Apart from advertising revenues and content sales, the future dollar impact of portals on supply chain management market growth is difficult to quantify. Portals will drive partnerships and even consolidations among supply chain management vendors and Internet enablers such as, in Aspen's case, Extricity and Syntra Technologies. If nothing else, portals also afford more backward vendors a low cost, low risk entry into the Internet marketplace.
User Impact
Users should view portals in the same way as vendors: as a place to share and receive information. Privacy issues exist, of course, and users should be careful to avoid sharing potentially sensitive information such as implementation success/failure stories unless the portal provider agrees to keep it confidential.
New Pricing Models
The fourth trend that is on the rise concerns new pricing models. Unfortunately for vendors, customer expectations tend to grow faster than their ability to furnish competent, easy-to-use products to satisfy the expectations. High client hopes usually fall to the ground sometime during implementation and leave a lasting and often bitter impression.
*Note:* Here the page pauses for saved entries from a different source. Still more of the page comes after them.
(* Let $1<p<\infty$, let $a,b$ be as in the context, and let $w=(w_n)_{n\ge0}$ be nonzero complex numbers with $$\sup_{n\ge0}\Big|\frac{w_na_n}{a_{n+1}}\Big|<\infty\quad\text{and}\quad\limsup_{n\to\infty}\Big|\frac{b_n}{a_{n+1}}\Big|<1 .$$ Then the following are equivalent: (i) $F_w^*$ is hypercyclic on $(\ell^p_{a,b})^*$; (ii) there exist $\phi\in(\ell^p_{a,b})^*$, a nonzero $\psi\in(\ell^p_{a,b})^*$ and a strictly increasing sequence $(n_k)$ with $(F_w^* )^{n_k}\phi\to\psi$ weakly; (iii) there exist $\phi\in(\ell^p_{a,b})^*$, a nonzero $\psi\in(\ell^p_{a,b})^*$ and a strictly increasing sequence $(n_k)$ with $(F_w^* )^{n_k}\phi\to\psi$ in norm.
   Context: Let $a=(a_n)_{n\ge0}$, $b=(b_n)_{n\ge0}$ be sequences of nonzero complex numbers with $\limsup_{n\to\infty}(|a_n|+|b_n|)^{1/n}<\infty$, and let $R=1/\limsup_{n}(|a_n|+|b_n|)^{1/n}\in(0,\infty]$. For $n\ge0$ let $f_n(z)=(a_n+b_nz)z^n$. For $1\le p<\infty$, $\ell^p_{a,b}$ is the space of analytic functions on $\{|z|<R\}$ of the form $f=\sum_{n\ge0}\lambda_nf_n$ with $(\lambda_n)\in\ell^p(\mathbb{N}_0)$ (the series converges locally uniformly on $\{|z|<R\}$ and the $\lambda_n$ are uniquely determined by $f$), normed by $\|f\|=(\sum_n|\lambda_n|^p)^{1/p}$. The weighted forward shift is $F_w\big(\sum_{n\ge0}\mu_nz^n\big)=\sum_{n\ge0}\mu_nw_nz^{n+1}$ (bounded on $\ell^p_{a,b}$ under the hypotheses); $F_w^*$ is its adjoint. Hypercyclic means having a dense orbit. *)

theory Defs
  imports "HOL-Analysis.Analysis"
begin

type_synonym cfun = "complex \<Rightarrow> complex"
type_synonym cfunctional = "cfun \<Rightarrow> complex"

definition fab :: "(nat \<Rightarrow> complex) \<Rightarrow> (nat \<Rightarrow> complex) \<Rightarrow> nat \<Rightarrow> cfun" where
  "fab a b n z = (a n + b n * z) * z ^ n"

text \<open>The disc |z| < R with R = 1 / limsup (|a_n|+|b_n|)^(1/n) (R = infinity if the limsup is 0).\<close>
definition Rdisc :: "(nat \<Rightarrow> complex) \<Rightarrow> (nat \<Rightarrow> complex) \<Rightarrow> complex set" where
  "Rdisc a b = {z. ereal (cmod z) *
      limsup (\<lambda>n. ereal ((cmod (a n) + cmod (b n)) powr (1 / real n))) < 1}"

definition represents :: "(nat \<Rightarrow> complex) \<Rightarrow> (nat \<Rightarrow> complex) \<Rightarrow> real \<Rightarrow> (nat \<Rightarrow> complex) \<Rightarrow> cfun \<Rightarrow> bool" where
  "represents a b p lam f \<longleftrightarrow>
     summable (\<lambda>n. cmod (lam n) powr p) \<and>
     (\<forall>z\<in>Rdisc a b. (\<lambda>n. lam n * fab a b n z) sums f z) \<and>
     (\<forall>z. z \<notin> Rdisc a b \<longrightarrow> f z = 0)"
(* Let $H$ be a complex infinite-dimensional separable Hilbert space and let $(f_n)_{n=1}^\infty$ be a frame for $H$ with analysis operator $U$. Then $(f_n)_{n=1}^\infty$ is a near-Riesz basis if and only if there exists a frame $(g_n)_{n=1}^\infty$ for $H$ with analysis operator $V$ such that $I-VU^*$ is a compact operator on $\ell^2$.
   Context: The analysis operator of a frame $(f_n)$ is $U:H\to\ell^2$, $Ux=(\langle x,f_n\rangle)_n$. The excess of a frame is the maximal number of elements that can be deleted so that the remaining sequence is still a frame; it equals $\dim\operatorname{Ker}U^*$. A near-Riesz basis is a frame with finite excess. *)

theory Defs
  imports "HOL-Analysis.Analysis" "HOL-Library.Extended_Nat"
begin

class cvector = real_vector +
  fixes scaleC :: "complex \<Rightarrow> 'a \<Rightarrow> 'a" (infixr \<open>*\<^sub>C\<close> 75)
  assumes scaleC_add_right: "a *\<^sub>C (x + y) = a *\<^sub>C x + a *\<^sub>C y"
    and scaleC_add_left: "(a + b) *\<^sub>C x = a *\<^sub>C x + b *\<^sub>C x"
    and scaleC_scaleC: "a *\<^sub>C (b *\<^sub>C x) = (a * b) *\<^sub>C x"
    and scaleC_one: "1 *\<^sub>C x = x"
    and scaleR_scaleC: "r *\<^sub>R x = complex_of_real r *\<^sub>C x"

class cinner_space = cvector + real_normed_vector +
  fixes cinner :: "'a \<Rightarrow> 'a \<Rightarrow> complex"
  assumes cinner_conj: "cinner y x = cnj (cinner x y)"
    and cinner_add_left: "cinner (x + y) z = cinner x z + cinner y z"
    and cinner_scaleC_left: "cinner (a *\<^sub>C x) y = a * cinner x y"
    and cinner_self_nonneg: "0 \<le> Re (cinner x x)"
    and norm_cinner: "norm x = sqrt (Re (cinner x x))"

class chilbert = cinner_space + complete_space

definition infinite_dimensional_C :: "'a::cvector itself \<Rightarrow> bool" where
  "infinite_dimensional_C _ \<longleftrightarrow>
     \<not> (\<exists>S::'a set. finite S \<and> (\<forall>x. \<exists>c. x = (\<Sum>s\<in>S. c s *\<^sub>C s)))"

definition l2 :: "(nat \<Rightarrow> complex) set" where
  "l2 = {a. summable (\<lambda>n. (cmod (a n))\<^sup>2)}"

definition l2norm :: "(nat \<Rightarrow> complex) \<Rightarrow> real" where
  "l2norm a = sqrt (\<Sum>n. (cmod (a n))\<^sup>2)"

definition l2inner :: "(nat \<Rightarrow> complex) \<Rightarrow> (nat \<Rightarrow> complex) \<Rightarrow> complex" where
  "l2inner a b = (\<Sum>n. a n * cnj (b n))"

definition compact_op_l2 :: "((nat \<Rightarrow> complex) \<Rightarrow> (nat \<Rightarrow> complex)) \<Rightarrow> bool" where
  "compact_op_l2 T \<longleftrightarrow>
     (\<forall>a\<in>l2. T a \<in> l2) \<and>
     (\<forall>a\<in>l2. \<forall>b\<in>l2. \<forall>\<alpha> \<beta>.
        T (\<lambda>n. \<alpha> * a n + \<beta> * b n) = (\<lambda>n. \<alpha> * T a n + \<beta> * T b n)) \<and>
     (\<forall>(x :: nat \<Rightarrow> nat \<Rightarrow> complex) B. (\<forall>k. x k \<in> l2 \<and> l2norm (x k) \<le> B) \<longrightarrow>
        (\<exists>r y. strict_mono r \<and> y \<in> l2 \<and>
           (\<lambda>k. l2norm (\<lambda>n. T (x (r k)) n - y n)) \<longlonglongrightarrow> 0))"

definition frame_on :: "nat set \<Rightarrow> (nat \<Rightarrow> 'a::chilbert) \<Rightarrow> bool" where
  "frame_on I f \<longleftrightarrow> (\<exists>A B. 0 < A \<and> 0 < B \<and>
     (\<forall>x. summable (\<lambda>n. if n \<in> I then (cmod (cinner x (f n)))\<^sup>2 else 0) \<and>
          A * (norm x)\<^sup>2 \<le> (\<Sum>n. if n \<in> I then (cmod (cinner x (f n)))\<^sup>2 else 0) \<and>
          (\<Sum>n. if n \<in> I then (cmod (cinner x (f n)))\<^sup>2 else 0) \<le> B * (norm x)\<^sup>2))"

definition frame :: "(nat \<Rightarrow> 'a::chilbert) \<Rightarrow> bool" where
  "frame f \<longleftrightarrow> frame_on UNIV f"

definition analysis_op :: "(nat \<Rightarrow> 'a::chilbert) \<Rightarrow> 'a \<Rightarrow> (nat \<Rightarrow> complex)" where
  "analysis_op f x = (\<lambda>n. cinner x (f n))"

definition adjoint_l2 :: "('a::chilbert \<Rightarrow> (nat \<Rightarrow> complex)) \<Rightarrow> (nat \<Rightarrow> complex) \<Rightarrow> 'a" where
  "adjoint_l2 U c = (THE y. \<forall>x. cinner x y = l2inner (U x) c)"

definition excess :: "(nat \<Rightarrow> 'a::chilbert) \<Rightarrow> enat" where
  "excess f = Sup {if finite J then enat (card J) else \<infinity> | J. frame_on (- J) f}"

definition near_riesz_basis :: "(nat \<Rightarrow> 'a::chilbert) \<Rightarrow> bool" where
  "near_riesz_basis f \<longleftrightarrow> frame f \<and> excess f \<noteq> \<infinity>"

end

theory Submission
  imports Defs "HOL-Library.Function_Algebras"
begin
Since fewer than one in four projects deliver workable solutions that survive six years or more, clients are increasingly wary of committing huge sums of money before they have obtained measurable return on their investment. In response, the licensing of supply chain management software products is undergoing a fundamental shift from traditional up-front fees to incremental or success-based pricing. Success-based pricing is a popular alternative especially for small businesses and startups that lack the IT budgets of larger, established companies. It allows these companies to acquire software for a lower entry cost and pay more only as their business expands.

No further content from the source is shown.